Problem to work on — Filter the entries, keeping every line with the word "intro".

Extracted data —

+--

lemma cauchy_integral_circlepath_tendsto_0:
  assumes "continuous_on (sphere z \<rho>) f" "\<rho> > 0"
  shows "((\<lambda>w. contour_integral (circlepath z \<rho>) (\<lambda>u. f u / (u - w))) \<longlongrightarrow> 0) at_infinity"
proof -
  obtain B where B: "B \<ge> 0" "\<And>u. u \<in> sphere z \<rho> \<Longrightarrow> norm (f u) \<le> B"
    using compact_continuous_image[OF assms(1) compact_sphere]
    by (metis compact_imp_bounded bounded_pos image_eqI less_imp_le)
  define K where "K = norm z + \<rho>"
  have far: "norm w - K \<le> norm (u - w)" if "u \<in> sphere z \<rho>" for u w
    using that norm_triangle_ineq2[of w u] norm_triangle_ineq[of z "u - z"]
    by (auto simp: K_def dist_norm norm_minus_commute)
  have bound: "\<forall>\<^sub>F w in at_infinity. norm (contour_integral (circlepath z \<rho>) (\<lambda>u. f u / (u - w)))
      \<le> B / (norm w - K) * (2 * pi * \<rho>)"
    unfolding eventually_at_infinity
  proof (intro exI allI impI)
    fix w :: complex assume "K + 1 \<le> norm w"
    then have D: "norm w - K > 0" by simp
    have "w \<notin> sphere z \<rho>" using far[of w w] D by auto
    then have "continuous_on (path_image (circlepath z \<rho>)) (\<lambda>u. f u / (u - w))"
      using assms by (auto intro!: continuous_intros)
    then show "norm (contour_integral (circlepath z \<rho>) (\<lambda>u. f u / (u - w)))
        \<le> B / (norm w - K) * (2 * pi * \<rho>)"
    proof (rule has_contour_integral_bound_circlepath[OF has_contour_integral_integral[OF
          contour_integrable_continuous_circlepath]])
      fix u assume "norm (u - z) = \<rho>"
      then have u: "u \<in> sphere z \<rho>" by (simp add: dist_norm norm_minus_commute)
      show "norm (f u / (u - w)) \<le> B / (norm w - K)"
        unfolding norm_divide using B u far[OF u, of w] D by (intro frac_le) auto
    qed (use B D assms in auto)
  qed
  have "filterlim (\<lambda>w. norm w - K) at_top at_infinity"
    using filterlim_tendsto_add_at_top[OF tendsto_const filterlim_norm_at_top, of "- K"] by simp
  from tendsto_inverse_0_at_top[OF this]
  have "((\<lambda>w. B * (2 * pi * \<rho>) * inverse (norm w - K)) \<longlongrightarrow> 0) at_infinity"
    by (intro tendsto_mult_right_zero) (simp add: o_def)
  then have "((\<lambda>w. B / (norm w - K) * (2 * pi * \<rho>)) \<longlongrightarrow> 0) at_infinity"
    by (simp add: divide_inverse ac_simps)
  with bound show ?thesis by (rule Lim_null_comparison)
qed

+--

Result —
  proof (intro exI allI impI)
      using assms by (auto intro!: continuous_intros)
        unfolding norm_divide using B u far[OF u, of w] D by (intro frac_le) auto
    by (intro tendsto_mult_right_zero) (simp add: o_def)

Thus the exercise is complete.